== THE DATA ==

(* For every $k$ there are complex numbers $\alpha_m(k)$, $m\in\mathbb Z/D\mathbb Z$, such that $$Z^0_k=\sum_{m\in\mathbb Z/D\mathbb Z}\alpha_m(k)\,\Psi_{2km},$$ and $\alpha_0(k)=\frac{i}{\sqrt2}+O(k^{-\infty})$.
   Context: Standing setup. $(E,\omega)$ is a real $2$-dimensional symplectic vector space with a compatible linear complex structure $j$; $K_j=\{\alpha\in E^*\otimes\mathbb C:\alpha(j\cdot)=i\alpha\}$. A half-form line is a complex line $\delta$ with an isomorphism $\varphi:\delta^{\otimes2}\to K_j$; $\delta$ carries the Hermitian metric making $\varphi$ an isometry. For $v\in E\setminus\{0\}$, $\Omega_v$ denotes a vector of $\delta$ with $\varphi(\Omega_v^2)(v)=1$ (unique up to sign). $L\to E$ is the trivial Hermitian line bundle with connection $d-i\alpha$, where $\alpha_x(y)=\frac12\omega(x,y)$, and the compatible holomorphic structure; sections of $L^k\otimes\delta$ are identified with functions $E\to\delta$. For $k\in\mathbb Z_{>0}$ and $x\in E$, $T^*_x$ acts on sections of $L^k\otimes\delta$ by $(T^*_x\Psi)(y)=e^{-\frac{ik}{2}\omega(x,y)}\Psi(x+y)$. For a lattice $\Lambda\subset E$, $\mathcal H^\Lambda_k$ is the space of holomorphic sections $\Psi$ of $L^k\otimes\delta$ with $T^*_x\Psi=\Psi$ for all $x\in\Lambda$, with inner product $\langle\Psi_1,\Psi_2\rangle=\int_F\langle\Psi_1,\Psi_2\rangle_\delta\,|\omega|$ ($F$ a fundamental domain of $\Lambda$). For sequences, $O(k^{-\infty})$ means $O(k^{-N})$ for every $N$. Knot state. Fix relatively prime positive integers $a,b$; $D=2ab$. Fix a basis $(\lambda,\mu)$ of $E$ with $\omega(\mu,\lambda)=4\pi$. $\mathcal H_k=\mathcal H_k^{\lambda\mathbb Z\oplus\mu\mathbb Z}$; $M=T^*_{\mu/2k}$, $L=T^*_{-\lambda/2k}$ (operators), $q=e^{i\pi/k}$, $q^{s/D}=e^{i\pi s/(kD)}$. Fix $\Omega_\mu$; $(\xi_\ell)_{\ell\in\mathbb Z/2k\mathbb Z}$ is the orthonormal basis of $\mathcal H_k$ with $M\xi_\ell=q^\ell\xi_\ell$, $L\xi_\ell=\xi_{\ell-1}$, $\xi_0(0)\in\mathbb R_{>0}\Omega_\mu$. $Z^0_k=-\frac{i}{2\sqrt k}\sum_{\ell\in\mathbb Z/2k\mathbb Z}\xi_\ell$. Second lattice. $\Omega_\lambda$ is the (fixed, $k$-independent) choice of sign with $Z^0_k(0)=\frac{e^{3i\pi/4}}{\sqrt2}(\frac{k}{2\pi})^{1/4}\Omega_\lambda+O(k^{-\infty})$. $R_D=D\mu\mathbb Z\oplus\lambda\mathbb Z$, $\mathcal H_{D,k}=\mathcal H_k^{R_D}\supset\mathcal H_k$ ($\dim=2kD$). $S=T^*_{-\lambda/2kD}$, $R=T^*_{(D\mu-2\lambda)/2kD}$. $(\Psi_n)_{n\in\mathbb Z/2kD\mathbb Z}$ is the orthonormal basis of $\mathcal H_{D,k}$ with $S\Psi_n=q^{n/D}\Psi_n$, $R\Psi_n=\Psi_{n+1}$ and phase such that $\Psi_0(0)=e^{i\pi/4}(\frac k{2\pi})^{1/4}\Omega_\lambda+O(k^{-\infty})$. *)

theory Defs
  imports "HOL-Analysis.Analysis"
begin

text \<open>Concrete model (up to isomorphism) of the standing setup:
  E = complex plane as a real 2-dimensional vector space, j = multiplication by i,
  omega(x,y) = Im(cnj x * y)  (so omega(x, j x) = |x|^2 > 0, compatible).
  K_j = complex-linear functionals y |-> c*y, with the metric induced by g = omega(.,j.),
  so that |c dz| = sqrt 2 |c|.
  Half-form line: delta = complex numbers with phi(u (x) u')(y) = u*u'*y / sqrt 2;
  the metric making phi an isometry is then the standard one |u|.
  Sections of L^k (x) delta are functions complex => complex.\<close>

definition omega :: "complex \<Rightarrow> complex \<Rightarrow> real" where
  "omega x y = Im (cnj x * y)"

text \<open>phi(Omega^2)(v) as an element of K_j evaluated at v.\<close>
definition phi_sq :: "complex \<Rightarrow> complex \<Rightarrow> complex" where
  "phi_sq u v = u^2 * v / complex_of_real (sqrt 2)"

text \<open>Holomorphic sections of L^k (x) delta, where L has connection d - i alpha,
  alpha_x(y) = omega(x,y)/2: the (0,1)-part of the covariant derivative is
  dbar + (k/4) z dzbar, whose kernel consists of exp(-k|z|^2/4) times entire functions.\<close>
definition hol_sec :: "nat \<Rightarrow> (complex \<Rightarrow> complex) \<Rightarrow> bool" where
  "hol_sec k f \<longleftrightarrow> (\<exists>g. g holomorphic_on UNIV \<and>
      (\<forall>z. f z = exp (complex_of_real (- real k * (cmod z)^2 / 4)) * g z))"

definition Tstar :: "nat \<Rightarrow> complex \<Rightarrow> (complex \<Rightarrow> complex) \<Rightarrow> (complex \<Rightarrow> complex)" where
  "Tstar k x f = (\<lambda>y. exp (- \<i> * complex_of_real (real k / 2 * omega x y)) * f (x + y))"

definition lattice :: "complex \<Rightarrow> complex \<Rightarrow> complex set" where
  "lattice u v = {of_int m * u + of_int n * v | m n. True}"

definition fund_dom :: "complex \<Rightarrow> complex \<Rightarrow> complex set" where
  "fund_dom u v = {of_real s * u + of_real t * v | s t. 0 \<le> s \<and> s < 1 \<and> 0 \<le> t \<and> t < 1}"

definition Hspace :: "nat \<Rightarrow> complex \<Rightarrow> complex \<Rightarrow> (complex \<Rightarrow> complex) set" where
  "Hspace k u v = {f. hol_sec k f \<and> (\<forall>x\<in>lattice u v. Tstar k x f = f)}"

text \<open>Inner product: integral over a fundamental domain w.r.t. |omega| = Lebesgue measure.\<close>
definition ip :: "complex \<Rightarrow> complex \<Rightarrow> (complex \<Rightarrow> complex) \<Rightarrow> (complex \<Rightarrow> complex) \<Rightarrow> complex" where
  "ip u v f g = (LINT z:fund_dom u v|lborel. f z * cnj (g z))"

text \<open>(e k)_{n in Z/NZ} (indexed by int, N-periodic) is an orthonormal basis of the
  given space H of functions.\<close>
definition is_onb :: "(complex \<Rightarrow> complex) set \<Rightarrow> complex \<Rightarrow> complex \<Rightarrow> nat \<Rightarrow> (int \<Rightarrow> complex \<Rightarrow> complex) \<Rightarrow> bool" where
  "is_onb H u v N e \<longleftrightarrow>
     (\<forall>n. e (n + int N) = e n) \<and>
     (\<forall>n. e n \<in> H) \<and>
     (\<forall>n\<in>{0..<int N}. \<forall>m\<in>{0..<int N}. ip u v (e n) (e m) = (if n = m then 1 else 0)) \<and>
     (\<forall>f\<in>H. \<exists>c. f = (\<lambda>z. \<Sum>n\<in>{0..<int N}. c n * e n z))"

===

EXERCISE BRIEF> Tally the lines in the records that hold the word "Tstar", and state only the resulting number.

SOLUTION BELOW> 3